Nahia ONCHALO–MEYNARD : 

  • According to you, does India have a strong LGBTQ+ cultural and historical background?

Otavio AMARAL :

  • There’s an issue in India that’s really controversial especially if you take the nationalist policies and BJP (Bharatiya Janata Party, conservative Indian Party and current Prime Minister Modi’s Party), because they are trying to use the LGBTQ identity as something that is really rooted in India, as something that has been really there for forever. Take the example of the hijras (Ed.:  linked to the western gender qualification of transgender women), usually people qualify as having been there for a long time, even before Christ. It is nature and in the Vedas, you will notice that there is a third gender, a third nature that is neither masculine nor feminine.

But when you see the data and the demographic data that is available, that is mostly colonial. Indeed, before colonialism, we didn’t have such structures for documenting the population of the territory. 

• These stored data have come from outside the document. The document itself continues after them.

definition hcauchy :: "('a::ab_group_add \<Rightarrow> 'a \<Rightarrow> complex) \<Rightarrow> (nat \<Rightarrow> 'a) \<Rightarrow> bool" where
  "hcauchy ip X \<longleftrightarrow> (\<forall>e>0. \<exists>N. \<forall>m\<ge>N. \<forall>n\<ge>N. hnorm ip (X m - X n) < e)"

definition hclosure :: "('a::ab_group_add \<Rightarrow> 'a \<Rightarrow> complex) \<Rightarrow> 'a set \<Rightarrow> 'a set" where
  "hclosure ip S = {x. \<exists>X. (\<forall>n. X n \<in> S) \<and> hlim ip X x}"

definition hdense :: "('a::ab_group_add \<Rightarrow> 'a \<Rightarrow> complex) \<Rightarrow> 'a set \<Rightarrow> bool" where
  "hdense ip S \<longleftrightarrow> hclosure ip S = UNIV"

definition hilbert_space ::
  "(complex \<Rightarrow> 'a::ab_group_add \<Rightarrow> 'a) \<Rightarrow> ('a \<Rightarrow> 'a \<Rightarrow> complex) \<Rightarrow> bool" where
  "hilbert_space sc ip \<longleftrightarrow>
     Vector_Spaces.vector_space sc \<and>
     (\<forall>x y z. ip (x + y) z = ip x z + ip y z) \<and>
     (\<forall>c x y. ip (sc c x) y = c * ip x y) \<and>
     (\<forall>x y. ip y x = cnj (ip x y)) \<and>
     (\<forall>x. 0 \<le> Re (ip x x)) \<and>
     (\<forall>x. ip x x = 0 \<longrightarrow> x = 0) \<and>
     (\<forall>X. hcauchy ip X \<longrightarrow> (\<exists>x. hlim ip X x))"

definition separable :: "('a::ab_group_add \<Rightarrow> 'a \<Rightarrow> complex) \<Rightarrow> bool" where
  "separable ip \<longleftrightarrow> (\<exists>D. countable D \<and> hdense ip D)"

text \<open>(Unbounded) linear operators are represented by their graphs.\<close>

definition op_dom :: "('a \<times> 'b) set \<Rightarrow> 'a set" where "op_dom A = fst ` A"
definition op_ran :: "('a \<times> 'b) set \<Rightarrow> 'b set" where "op_ran A = snd ` A"

definition is_graph :: "('a \<times> 'b) set \<Rightarrow> bool" where
  "is_graph A \<longleftrightarrow> (\<forall>x y z. (x, y) \<in> A \<and> (x, z) \<in> A \<longrightarrow> y = z)"

definition lin_op :: "(complex \<Rightarrow> 'a::ab_group_add \<Rightarrow> 'a) \<Rightarrow> (complex \<Rightarrow> 'b::ab_group_add \<Rightarrow> 'b)
    \<Rightarrow> ('a \<times> 'b) set \<Rightarrow> bool" where
  "lin_op sc1 sc2 A \<longleftrightarrow> is_graph A \<and> (0, 0) \<in> A \<and>
     (\<forall>x y u v. (x, y) \<in> A \<and> (u, v) \<in> A \<longrightarrow> (x + u, y + v) \<in> A) \<and>
     (\<forall>c x y. (x, y) \<in> A \<longrightarrow> (sc1 c x, sc2 c y) \<in> A)"

definition lin_on :: "(complex \<Rightarrow> 'a::ab_group_add \<Rightarrow> 'a) \<Rightarrow> (complex \<Rightarrow> 'b::ab_group_add \<Rightarrow> 'b)
    \<Rightarrow> 'a set \<Rightarrow> ('a \<Rightarrow> 'b) \<Rightarrow> bool" where
  "lin_on sc1 sc2 D f \<longleftrightarrow> (\<forall>x\<in>D. \<forall>y\<in>D. f (x + y) = f x + f y) \<and>
     (\<forall>c. \<forall>x\<in>D. f (sc1 c x) = sc2 c (f x))"

definition op_closure :: "('a::ab_group_add \<Rightarrow> 'a \<Rightarrow> complex) \<Rightarrow> ('b::ab_group_add \<Rightarrow> 'b \<Rightarrow> complex)
    \<Rightarrow> ('a \<times> 'b) set \<Rightarrow> ('a \<times> 'b) set" where
  "op_closure ip1 ip2 A = {(x, y). \<exists>X Y. (\<forall>n. (X n, Y n) \<in> A) \<and> hlim ip1 X x \<and> hlim ip2 Y y}"

definition closed_op :: "('a::ab_group_add \<Rightarrow> 'a \<Rightarrow> complex) \<Rightarrow> ('b::ab_group_add \<Rightarrow> 'b \<Rightarrow> complex)
    \<Rightarrow> ('a \<times> 'b) set \<Rightarrow> bool" where
  "closed_op ip1 ip2 A \<longleftrightarrow> op_closure ip1 ip2 A \<subseteq> A"

definition closable :: "('a::ab_group_add \<Rightarrow> 'a \<Rightarrow> complex) \<Rightarrow> ('b::ab_group_add \<Rightarrow> 'b \<Rightarrow> complex)
    \<Rightarrow> ('a \<times> 'b) set \<Rightarrow> bool" where
  "closable ip1 ip2 A \<longleftrightarrow> is_graph (op_closure ip1 ip2 A)"

definition densely_defined :: "('a::ab_group_add \<Rightarrow> 'a \<Rightarrow> complex) \<Rightarrow> ('a \<times> 'b) set \<Rightarrow> bool" where
  "densely_defined ip A \<longleftrightarrow> hdense ip (op_dom A)"

definition op_adj :: "('a \<Rightarrow> 'a \<Rightarrow> complex) \<Rightarrow> ('b \<Rightarrow> 'b \<Rightarrow> complex)
    \<Rightarrow> ('a \<times> 'b) set \<Rightarrow> ('b \<times> 'a) set" where
  "op_adj ip1 ip2 A = {(y, z). \<forall>x w. (x, w) \<in> A \<longrightarrow> ip2 w y = ip1 x z}"

text \<open>product B A (apply A first) with natural domain\<close>
definition op_comp :: "('b \<times> 'c) set \<Rightarrow> ('a \<times> 'b) set \<Rightarrow> ('a \<times> 'c) set" where
  "op_comp B A = {(x, z). \<exists>y. (x, y) \<in> A \<and> (y, z) \<in> B}"

definition op_restrict :: "('a \<times> 'b) set \<Rightarrow> 'a set \<Rightarrow> ('a \<times> 'b) set" where
  "op_restrict A D = {(x, y) \<in> A. x \<in> D}"

definition op_plus :: "('a \<times> 'b::plus) set \<Rightarrow> ('a \<times> 'b) set \<Rightarrow> ('a \<times> 'b) set" where
  "op_plus A B = {(x, y + z) | x y z. (x, y) \<in> A \<and> (x, z) \<in> B}"

definition op_shift :: "(complex \<Rightarrow> 'a::ab_group_add \<Rightarrow> 'a) \<Rightarrow> ('a \<times> 'a) set \<Rightarrow> complex \<Rightarrow> ('a \<times> 'a) set" where
  "op_shift sc A z = {(x, y - sc z x) | x y. (x, y) \<in> A}"

definition op_I_minus :: "('a::ab_group_add \<times> 'a) set \<Rightarrow> ('a \<times> 'a) set" where
  "op_I_minus A = {(x, x - y) | x y. (x, y) \<in> A}"

definition op_inv :: "('a \<times> 'b) set \<Rightarrow> ('b \<times> 'a) set" where
  "op_inv A = converse A"

text \<open>resolvent set: A - z is a bijection of dom A onto the whole space with bounded inverse
  (no closedness required, as in the paper)\<close>
definition resolvent_set :: "(complex \<Rightarrow> 'a::ab_group_add \<Rightarrow> 'a) \<Rightarrow> ('a \<Rightarrow> 'a \<Rightarrow> complex)
    \<Rightarrow> ('a \<times> 'a) set \<Rightarrow> complex set" where
  "resolvent_set sc ip A = {z. is_graph (op_inv (op_shift sc A z)) \<and>
      op_ran (op_shift sc A z) = UNIV \<and>
      (\<exists>K. \<forall>x y. (y, x) \<in> op_inv (op_shift sc A z) \<longrightarrow> hnorm ip x \<le> K * hnorm ip y)}"

definition ker_restr :: "('a \<times> 'a) set \<Rightarrow> ('a \<Rightarrow> 'g::zero) \<Rightarrow> ('a \<times> 'a) set" where
  "ker_restr T \<Gamma> = op_restrict T {f. \<Gamma> f = 0}"

text \<open>gamma field: \<gamma>(z) = (\<Gamma>0 restricted to ker(T - z))^-1, as a graph in G x H\<close>
definition gamma_field :: "(complex \<Rightarrow> 'a \<Rightarrow> 'a) \<Rightarrow> ('a \<times> 'a) set \<Rightarrow> ('a \<Rightarrow> 'g) \<Rightarrow> complex
    \<Rightarrow> ('g \<times> 'a) set" where
  "gamma_field sc T \<Gamma>0 z = {(\<Gamma>0 f, f) | f. (f, sc z f) \<in> T}"

text \<open>Weyl function M(z) = \<Gamma>1 \<gamma>(z)\<close>
definition weyl :: "(complex \<Rightarrow> 'a \<Rightarrow> 'a) \<Rightarrow> ('a \<times> 'a) set \<Rightarrow> ('a \<Rightarrow> 'g) \<Rightarrow> ('a \<Rightarrow> 'g) \<Rightarrow> complex
    \<Rightarrow> ('g \<times> 'g) set" where
  "weyl sc T \<Gamma>0 \<Gamma>1 z = {(\<Gamma>0 f, \<Gamma>1 f) | f. (f, sc z f) \<in> T}"

definition ext_B :: "('a \<times> 'a) set \<Rightarrow> ('a \<Rightarrow> 'g) \<Rightarrow> ('a \<Rightarrow> 'g) \<Rightarrow> ('g \<times> 'g) set \<Rightarrow> ('g \<times> 'g) set
    \<Rightarrow> ('a \<times> 'a) set" where
  "ext_B T \<Gamma>0 \<Gamma>1 B1 B2 = {(f, g) \<in> T. (\<Gamma>1 f, \<Gamma>0 f) \<in> op_comp B1 B2}"

end

theory Submission
  imports Defs "HOL-Analysis.Analysis"
begin

text \<open>
  The resolvent of A_{B1 B2} at z0 is built by hand. For h, put f0 = (A0 - z0)^-1 h and
  \<psi> = B2 \<Gamma>1 f0. Writing C for B2 composed with the closure of M(z0) B1, condition (i) yields
  \<phi> with \<phi> - C \<phi> = \<psi>, and (ii)-(iv) make B1 \<phi> = \<Gamma>0 g for an eigenvector g of T at z0, so
  that f = f0 + g solves (A_{B1 B2} - z0) f = h. The solution operator is (A0 - z0)^-1 + Q with
  Q = \<gamma>(z0) B1 (I - C)^-1 B2 \<Gamma>1 (A0 - z0)^-1, and each factor of Q is bounded by the closed
  graph theorem: \<Gamma>1 (A0 - z0)^-1 coincides with the closed operator \<gamma>t(cnj z0)^*, and a
  closable operator after a bounded everywhere defined one is closed. Hence z0 lies in the
  resolvent set, which forces A_{B1 B2} to be closed. For general z the same splitting
  f = (A0 - z)^-1 h + g, read backwards, gives the resolvent formula.
\<close>

section \<open>Hilbert spaces\<close>

locale hspace =
  fixes sc :: "complex \<Rightarrow> 'a::ab_group_add \<Rightarrow> 'a" and ip :: "'a \<Rightarrow> 'a \<Rightarrow> complex"
  assumes hilbert: "hilbert_space sc ip"
begin

sublocale vs: vector_space sc
  using hilbert unfolding hilbert_space_def by (elim conjE)

lemma
  shows ip_add_left: "ip (x + y) z = ip x z + ip y z"
    and ip_scale_left: "ip (sc c x) y = c * ip x y"
    and ip_cnj_commute: "ip y x = cnj (ip x y)"
    and ip_self_nonneg: "0 \<le> Re (ip x x)"
    and ip_self_eq_0: "ip x x = 0 \<Longrightarrow> x = 0"
    and complete: "hcauchy ip X \<Longrightarrow> \<exists>x. hlim ip X x"
  using hilbert unfolding hilbert_space_def by (elim conjE; meson)+

lemma ip_add_right: "ip z (x + y) = ip z x + ip z y"
  by (subst (1 2 3) ip_cnj_commute) (simp add: ip_add_left)

lemma ip_scale_right: "ip x (sc c y) = cnj c * ip x y"
  by (subst (1 2) ip_cnj_commute) (simp add: ip_scale_left)

lemma ip_zero_left [simp]: "ip 0 y = 0"
  using ip_add_left[of 0 0 y] by simp

lemma ip_zero_right [simp]: "ip y 0 = 0"
  using ip_add_right[of y 0 0] by simp

lemma ip_minus_left: "ip (- x) y = - ip x y"
  using ip_add_left[of x "- x" y] by (simp add: eq_neg_iff_add_eq_0 add.commute)

lemma ip_minus_right: "ip y (- x) = - ip y x"
  using ip_add_right[of y x "- x"] by (simp add: eq_neg_iff_add_eq_0 add.commute)

lemma ip_diff_left: "ip (x - y) z = ip x z - ip y z"
  using ip_add_left[of x "- y" z] by (simp add: ip_minus_left)

lemma ip_diff_right: "ip z (x - y) = ip z x - ip z y"
  using ip_add_right[of z x "- y"] by (simp add: ip_minus_right)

There’s something that has been present in India for a really long time, especially the transgender identity. However, we see that it is not that open. Yes, they have been there, but it has started being documented during the colonization. So we cannot affirm with certitude that they were there before. They most probably were, but this welcoming mindset of their constant presence is not totally accurate or certain. They are like the incarnation of sacred natures or the incarnation of some goddesses, such as Bahuchara Mat, the most important goddess when we refer to hijras. Especially, if you try to go deeper in the analysis of some intellectuals of that time, mostly those who wrote about sexuality and who were trying to interpret the Kama Sutra just after the colonization, they were always trying to impose this dichotomy of feminine and masculine. So when you ask me if the LGBTQ+ culture is present in India, I would say that these people have always existed, as non-normative sexual identities.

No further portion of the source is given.